(Your task): Search the material below for the string "unfolding" and copy each line where it appears.
---
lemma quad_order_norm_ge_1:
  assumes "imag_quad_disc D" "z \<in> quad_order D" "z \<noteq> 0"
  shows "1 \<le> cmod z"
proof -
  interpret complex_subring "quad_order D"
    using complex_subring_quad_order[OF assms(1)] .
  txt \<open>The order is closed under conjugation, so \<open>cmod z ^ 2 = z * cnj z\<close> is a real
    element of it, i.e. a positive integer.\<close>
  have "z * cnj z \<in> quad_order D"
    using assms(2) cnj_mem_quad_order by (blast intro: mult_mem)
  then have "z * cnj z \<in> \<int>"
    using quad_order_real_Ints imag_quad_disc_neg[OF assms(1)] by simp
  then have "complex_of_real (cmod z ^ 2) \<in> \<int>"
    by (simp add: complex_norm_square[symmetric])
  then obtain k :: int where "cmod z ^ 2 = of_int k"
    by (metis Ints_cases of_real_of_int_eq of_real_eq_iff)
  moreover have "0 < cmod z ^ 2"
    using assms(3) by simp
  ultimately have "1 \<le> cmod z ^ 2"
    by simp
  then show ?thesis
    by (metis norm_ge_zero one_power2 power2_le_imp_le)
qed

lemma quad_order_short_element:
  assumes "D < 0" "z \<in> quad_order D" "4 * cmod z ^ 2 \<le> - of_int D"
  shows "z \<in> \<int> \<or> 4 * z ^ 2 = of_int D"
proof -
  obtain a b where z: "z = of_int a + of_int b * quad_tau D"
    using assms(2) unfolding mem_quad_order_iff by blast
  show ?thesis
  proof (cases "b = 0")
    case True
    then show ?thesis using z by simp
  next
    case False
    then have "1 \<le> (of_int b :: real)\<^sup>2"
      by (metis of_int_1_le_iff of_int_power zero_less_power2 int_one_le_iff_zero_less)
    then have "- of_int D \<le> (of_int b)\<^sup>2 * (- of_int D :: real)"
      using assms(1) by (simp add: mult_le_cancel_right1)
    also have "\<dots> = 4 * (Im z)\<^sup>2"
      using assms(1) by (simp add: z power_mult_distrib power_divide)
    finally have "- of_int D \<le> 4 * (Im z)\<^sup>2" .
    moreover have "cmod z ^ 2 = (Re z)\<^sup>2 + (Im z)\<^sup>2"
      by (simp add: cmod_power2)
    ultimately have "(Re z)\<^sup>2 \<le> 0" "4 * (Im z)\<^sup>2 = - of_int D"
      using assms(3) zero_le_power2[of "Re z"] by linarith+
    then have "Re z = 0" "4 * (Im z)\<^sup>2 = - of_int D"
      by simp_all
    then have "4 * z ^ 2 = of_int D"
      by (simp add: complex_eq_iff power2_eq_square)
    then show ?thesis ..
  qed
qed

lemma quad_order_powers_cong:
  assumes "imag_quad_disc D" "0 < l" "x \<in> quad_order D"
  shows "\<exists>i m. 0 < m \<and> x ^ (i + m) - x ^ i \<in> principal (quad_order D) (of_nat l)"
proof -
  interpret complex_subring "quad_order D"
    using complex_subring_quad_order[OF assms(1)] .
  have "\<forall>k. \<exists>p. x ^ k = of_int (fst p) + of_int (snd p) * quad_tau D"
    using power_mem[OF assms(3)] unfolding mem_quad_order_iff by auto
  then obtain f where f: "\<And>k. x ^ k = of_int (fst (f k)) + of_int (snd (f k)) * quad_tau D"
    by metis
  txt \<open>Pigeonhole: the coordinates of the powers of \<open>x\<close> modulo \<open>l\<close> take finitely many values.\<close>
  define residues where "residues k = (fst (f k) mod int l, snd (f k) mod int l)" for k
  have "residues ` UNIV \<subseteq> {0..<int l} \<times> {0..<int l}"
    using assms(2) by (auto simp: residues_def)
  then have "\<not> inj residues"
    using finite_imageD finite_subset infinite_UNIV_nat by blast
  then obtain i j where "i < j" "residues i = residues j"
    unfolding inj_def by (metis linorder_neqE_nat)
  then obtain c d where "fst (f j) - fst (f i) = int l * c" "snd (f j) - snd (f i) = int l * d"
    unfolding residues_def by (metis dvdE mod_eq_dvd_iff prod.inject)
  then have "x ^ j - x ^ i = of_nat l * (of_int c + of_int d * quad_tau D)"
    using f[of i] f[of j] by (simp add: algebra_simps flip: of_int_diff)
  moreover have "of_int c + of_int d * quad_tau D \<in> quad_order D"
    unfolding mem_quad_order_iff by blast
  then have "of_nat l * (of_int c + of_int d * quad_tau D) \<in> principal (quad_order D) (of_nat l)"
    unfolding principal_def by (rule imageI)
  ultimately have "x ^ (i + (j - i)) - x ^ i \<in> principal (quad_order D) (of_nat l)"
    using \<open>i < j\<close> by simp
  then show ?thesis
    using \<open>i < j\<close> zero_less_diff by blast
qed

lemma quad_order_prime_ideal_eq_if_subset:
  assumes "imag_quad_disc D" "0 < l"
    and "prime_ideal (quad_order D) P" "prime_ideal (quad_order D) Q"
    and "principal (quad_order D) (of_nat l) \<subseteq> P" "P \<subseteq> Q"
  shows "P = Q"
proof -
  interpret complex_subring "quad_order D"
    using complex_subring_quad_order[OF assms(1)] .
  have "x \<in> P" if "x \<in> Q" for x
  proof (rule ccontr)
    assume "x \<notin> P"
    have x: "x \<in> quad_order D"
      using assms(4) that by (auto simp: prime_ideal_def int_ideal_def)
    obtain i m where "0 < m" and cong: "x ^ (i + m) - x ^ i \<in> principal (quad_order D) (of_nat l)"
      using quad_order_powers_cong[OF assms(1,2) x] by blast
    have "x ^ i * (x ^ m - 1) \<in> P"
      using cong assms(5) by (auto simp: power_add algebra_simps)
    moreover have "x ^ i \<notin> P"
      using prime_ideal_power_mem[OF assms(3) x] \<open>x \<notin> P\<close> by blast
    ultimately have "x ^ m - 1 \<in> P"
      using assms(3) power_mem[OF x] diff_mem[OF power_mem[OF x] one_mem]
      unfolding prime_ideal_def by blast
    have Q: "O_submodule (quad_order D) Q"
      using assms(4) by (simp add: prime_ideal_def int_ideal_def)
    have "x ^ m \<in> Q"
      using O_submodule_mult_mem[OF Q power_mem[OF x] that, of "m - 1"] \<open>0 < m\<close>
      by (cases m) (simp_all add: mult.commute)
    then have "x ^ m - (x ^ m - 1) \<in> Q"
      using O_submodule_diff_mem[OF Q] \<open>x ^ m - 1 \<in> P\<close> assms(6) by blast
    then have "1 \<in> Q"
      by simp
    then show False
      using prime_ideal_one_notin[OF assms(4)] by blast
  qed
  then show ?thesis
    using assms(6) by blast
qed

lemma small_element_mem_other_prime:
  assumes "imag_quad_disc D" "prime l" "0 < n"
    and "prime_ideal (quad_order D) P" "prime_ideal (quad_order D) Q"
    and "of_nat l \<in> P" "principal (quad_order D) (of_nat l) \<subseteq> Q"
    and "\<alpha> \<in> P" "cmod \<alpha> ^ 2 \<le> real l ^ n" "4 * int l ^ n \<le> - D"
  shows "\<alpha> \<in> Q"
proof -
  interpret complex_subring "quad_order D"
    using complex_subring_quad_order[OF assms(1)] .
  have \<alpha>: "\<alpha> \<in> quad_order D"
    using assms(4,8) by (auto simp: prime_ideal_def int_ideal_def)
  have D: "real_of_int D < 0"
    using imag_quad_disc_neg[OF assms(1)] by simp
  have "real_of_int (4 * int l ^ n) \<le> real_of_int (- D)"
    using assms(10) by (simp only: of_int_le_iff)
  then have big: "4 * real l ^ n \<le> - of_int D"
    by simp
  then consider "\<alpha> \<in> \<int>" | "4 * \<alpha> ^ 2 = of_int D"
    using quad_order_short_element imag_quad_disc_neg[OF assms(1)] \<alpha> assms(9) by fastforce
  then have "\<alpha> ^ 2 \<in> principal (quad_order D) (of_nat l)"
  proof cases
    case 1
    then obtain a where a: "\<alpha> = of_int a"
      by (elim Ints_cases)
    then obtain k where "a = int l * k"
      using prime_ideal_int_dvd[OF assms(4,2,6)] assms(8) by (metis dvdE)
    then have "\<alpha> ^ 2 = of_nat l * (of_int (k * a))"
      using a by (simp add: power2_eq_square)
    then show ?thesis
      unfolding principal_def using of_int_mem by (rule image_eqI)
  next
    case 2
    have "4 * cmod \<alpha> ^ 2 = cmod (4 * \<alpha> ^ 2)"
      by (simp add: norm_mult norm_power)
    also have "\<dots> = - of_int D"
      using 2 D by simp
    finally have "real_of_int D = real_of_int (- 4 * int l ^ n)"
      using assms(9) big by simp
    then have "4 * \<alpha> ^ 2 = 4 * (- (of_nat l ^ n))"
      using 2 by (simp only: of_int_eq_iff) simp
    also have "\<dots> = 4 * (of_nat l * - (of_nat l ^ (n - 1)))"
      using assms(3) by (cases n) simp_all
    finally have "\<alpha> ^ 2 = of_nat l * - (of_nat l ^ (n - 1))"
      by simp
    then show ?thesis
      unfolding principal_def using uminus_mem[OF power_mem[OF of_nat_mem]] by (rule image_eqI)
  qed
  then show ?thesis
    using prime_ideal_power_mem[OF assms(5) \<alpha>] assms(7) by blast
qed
---
(Answer):
    using assms(2) unfolding mem_quad_order_iff by blast
    using power_mem[OF assms(3)] unfolding mem_quad_order_iff by auto
    unfolding inj_def by (metis linorder_neqE_nat)
    unfolding residues_def by (metis dvdE mod_eq_dvd_iff prod.inject)
    unfolding mem_quad_order_iff by blast
    unfolding principal_def by (rule imageI)
      unfolding prime_ideal_def by blast
      unfolding principal_def using of_int_mem by (rule image_eqI)
      unfolding principal_def using uminus_mem[OF power_mem[OF of_nat_mem]] by (rule image_eqI)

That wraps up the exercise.